**TASK INSTRUCTIONS**
Below is a listing from which only part is wanted; return exactly the lines from the one with "real) \<Rightarrow> (real" up to and including the one with "(\<forall>p\<in>U. part_x (part_x".

________

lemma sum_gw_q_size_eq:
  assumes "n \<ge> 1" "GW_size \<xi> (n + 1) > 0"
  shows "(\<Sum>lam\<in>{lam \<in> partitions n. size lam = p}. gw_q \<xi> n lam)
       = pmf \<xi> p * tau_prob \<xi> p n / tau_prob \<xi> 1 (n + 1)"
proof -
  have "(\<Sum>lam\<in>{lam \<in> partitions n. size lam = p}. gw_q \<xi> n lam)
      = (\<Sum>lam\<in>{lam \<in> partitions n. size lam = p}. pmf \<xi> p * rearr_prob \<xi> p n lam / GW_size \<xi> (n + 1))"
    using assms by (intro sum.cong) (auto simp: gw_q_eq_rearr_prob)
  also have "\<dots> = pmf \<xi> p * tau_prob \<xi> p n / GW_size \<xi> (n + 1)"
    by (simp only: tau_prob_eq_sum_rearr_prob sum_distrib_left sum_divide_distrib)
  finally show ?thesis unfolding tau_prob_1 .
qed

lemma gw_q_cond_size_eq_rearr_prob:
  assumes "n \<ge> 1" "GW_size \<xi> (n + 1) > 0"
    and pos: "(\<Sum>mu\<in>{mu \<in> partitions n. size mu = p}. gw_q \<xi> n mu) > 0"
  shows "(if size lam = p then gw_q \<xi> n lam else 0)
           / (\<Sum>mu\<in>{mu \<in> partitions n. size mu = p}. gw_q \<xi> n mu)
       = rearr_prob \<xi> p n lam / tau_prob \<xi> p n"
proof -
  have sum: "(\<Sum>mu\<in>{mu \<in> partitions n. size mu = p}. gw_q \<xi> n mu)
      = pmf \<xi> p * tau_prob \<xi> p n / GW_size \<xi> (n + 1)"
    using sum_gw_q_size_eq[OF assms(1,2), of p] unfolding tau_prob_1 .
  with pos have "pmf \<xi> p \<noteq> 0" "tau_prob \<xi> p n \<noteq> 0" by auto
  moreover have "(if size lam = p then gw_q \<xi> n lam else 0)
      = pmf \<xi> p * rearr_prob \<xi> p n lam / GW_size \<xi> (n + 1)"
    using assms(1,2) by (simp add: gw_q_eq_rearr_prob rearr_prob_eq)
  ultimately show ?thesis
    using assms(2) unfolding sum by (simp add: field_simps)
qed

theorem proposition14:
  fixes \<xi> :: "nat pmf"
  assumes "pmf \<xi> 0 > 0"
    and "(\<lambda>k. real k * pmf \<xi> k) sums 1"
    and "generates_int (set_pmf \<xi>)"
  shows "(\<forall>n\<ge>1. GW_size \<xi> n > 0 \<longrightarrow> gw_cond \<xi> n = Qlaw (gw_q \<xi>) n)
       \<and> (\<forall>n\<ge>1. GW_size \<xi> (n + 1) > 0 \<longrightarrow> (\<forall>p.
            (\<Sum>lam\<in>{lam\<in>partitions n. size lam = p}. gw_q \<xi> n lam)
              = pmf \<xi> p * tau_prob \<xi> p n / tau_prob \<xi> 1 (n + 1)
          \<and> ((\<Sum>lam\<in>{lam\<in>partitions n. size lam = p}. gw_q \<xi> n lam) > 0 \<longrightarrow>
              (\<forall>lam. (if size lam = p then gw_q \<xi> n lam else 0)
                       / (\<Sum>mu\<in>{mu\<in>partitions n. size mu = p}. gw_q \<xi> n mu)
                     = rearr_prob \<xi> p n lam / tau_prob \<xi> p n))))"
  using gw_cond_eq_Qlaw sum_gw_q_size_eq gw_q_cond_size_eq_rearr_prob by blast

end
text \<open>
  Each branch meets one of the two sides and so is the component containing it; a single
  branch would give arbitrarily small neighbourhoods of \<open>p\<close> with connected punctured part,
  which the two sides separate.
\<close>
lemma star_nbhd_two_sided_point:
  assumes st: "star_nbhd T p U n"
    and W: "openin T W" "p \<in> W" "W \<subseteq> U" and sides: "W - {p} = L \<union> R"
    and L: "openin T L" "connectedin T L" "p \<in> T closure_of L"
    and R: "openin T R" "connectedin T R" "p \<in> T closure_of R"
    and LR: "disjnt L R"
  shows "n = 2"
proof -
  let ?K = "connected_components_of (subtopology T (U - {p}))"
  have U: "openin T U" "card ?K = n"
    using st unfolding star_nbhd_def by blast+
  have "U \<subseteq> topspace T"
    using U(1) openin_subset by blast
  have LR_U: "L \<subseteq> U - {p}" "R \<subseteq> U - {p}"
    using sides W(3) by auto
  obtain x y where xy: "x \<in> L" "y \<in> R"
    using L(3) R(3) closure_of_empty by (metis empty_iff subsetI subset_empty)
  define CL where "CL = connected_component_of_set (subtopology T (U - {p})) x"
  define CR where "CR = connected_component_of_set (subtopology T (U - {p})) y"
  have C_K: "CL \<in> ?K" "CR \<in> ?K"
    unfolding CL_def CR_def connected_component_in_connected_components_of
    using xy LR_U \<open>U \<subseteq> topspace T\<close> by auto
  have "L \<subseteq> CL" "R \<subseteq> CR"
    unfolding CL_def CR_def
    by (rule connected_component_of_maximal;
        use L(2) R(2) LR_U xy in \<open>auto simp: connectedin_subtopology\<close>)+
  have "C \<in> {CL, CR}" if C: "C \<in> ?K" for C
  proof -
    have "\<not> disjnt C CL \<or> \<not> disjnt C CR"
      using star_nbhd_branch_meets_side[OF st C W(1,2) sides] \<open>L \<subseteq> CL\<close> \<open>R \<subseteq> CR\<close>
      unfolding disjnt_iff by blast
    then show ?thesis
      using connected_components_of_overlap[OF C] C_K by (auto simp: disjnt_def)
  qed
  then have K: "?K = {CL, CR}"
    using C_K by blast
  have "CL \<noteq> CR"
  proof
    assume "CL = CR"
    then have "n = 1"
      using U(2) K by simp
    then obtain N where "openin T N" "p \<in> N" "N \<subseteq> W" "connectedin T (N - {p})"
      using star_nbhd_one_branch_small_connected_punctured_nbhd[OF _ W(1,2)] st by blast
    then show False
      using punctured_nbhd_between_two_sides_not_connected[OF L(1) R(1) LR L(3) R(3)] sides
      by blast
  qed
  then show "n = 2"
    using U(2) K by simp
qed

________

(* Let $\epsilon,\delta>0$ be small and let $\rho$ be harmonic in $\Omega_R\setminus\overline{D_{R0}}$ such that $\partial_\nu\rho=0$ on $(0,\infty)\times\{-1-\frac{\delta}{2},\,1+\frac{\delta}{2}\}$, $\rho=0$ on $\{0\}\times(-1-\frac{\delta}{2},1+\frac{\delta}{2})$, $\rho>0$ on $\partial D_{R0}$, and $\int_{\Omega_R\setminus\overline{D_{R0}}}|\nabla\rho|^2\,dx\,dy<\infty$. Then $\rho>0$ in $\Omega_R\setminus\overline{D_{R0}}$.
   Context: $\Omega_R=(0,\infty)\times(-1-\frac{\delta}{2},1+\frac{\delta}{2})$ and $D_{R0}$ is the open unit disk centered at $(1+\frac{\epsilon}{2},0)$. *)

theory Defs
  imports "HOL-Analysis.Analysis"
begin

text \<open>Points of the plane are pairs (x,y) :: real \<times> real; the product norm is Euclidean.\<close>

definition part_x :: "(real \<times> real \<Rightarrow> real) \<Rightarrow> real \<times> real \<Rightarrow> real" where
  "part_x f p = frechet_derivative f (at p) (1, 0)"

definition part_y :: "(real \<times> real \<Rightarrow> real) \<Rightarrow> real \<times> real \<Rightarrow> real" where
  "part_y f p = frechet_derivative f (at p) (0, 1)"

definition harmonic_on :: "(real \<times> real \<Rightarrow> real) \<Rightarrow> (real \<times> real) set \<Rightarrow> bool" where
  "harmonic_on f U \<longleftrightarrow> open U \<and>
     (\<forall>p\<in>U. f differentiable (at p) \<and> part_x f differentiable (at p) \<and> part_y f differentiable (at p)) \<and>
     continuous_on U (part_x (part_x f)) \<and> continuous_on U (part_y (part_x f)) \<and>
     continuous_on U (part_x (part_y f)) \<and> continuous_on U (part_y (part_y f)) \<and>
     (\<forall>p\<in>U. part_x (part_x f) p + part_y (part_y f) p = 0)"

________

**WRITTEN REPLY**
definition harmonic_on :: "(real \<times> real \<Rightarrow> real) \<Rightarrow> (real \<times> real) set \<Rightarrow> bool" where
  "harmonic_on f U \<longleftrightarrow> open U \<and>
     (\<forall>p\<in>U. f differentiable (at p) \<and> part_x f differentiable (at p) \<and> part_y f differentiable (at p)) \<and>
     continuous_on U (part_x (part_x f)) \<and> continuous_on U (part_y (part_x f)) \<and>
     continuous_on U (part_x (part_y f)) \<and> continuous_on U (part_y (part_y f)) \<and>
     (\<forall>p\<in>U. part_x (part_x f) p + part_y (part_y f) p = 0)"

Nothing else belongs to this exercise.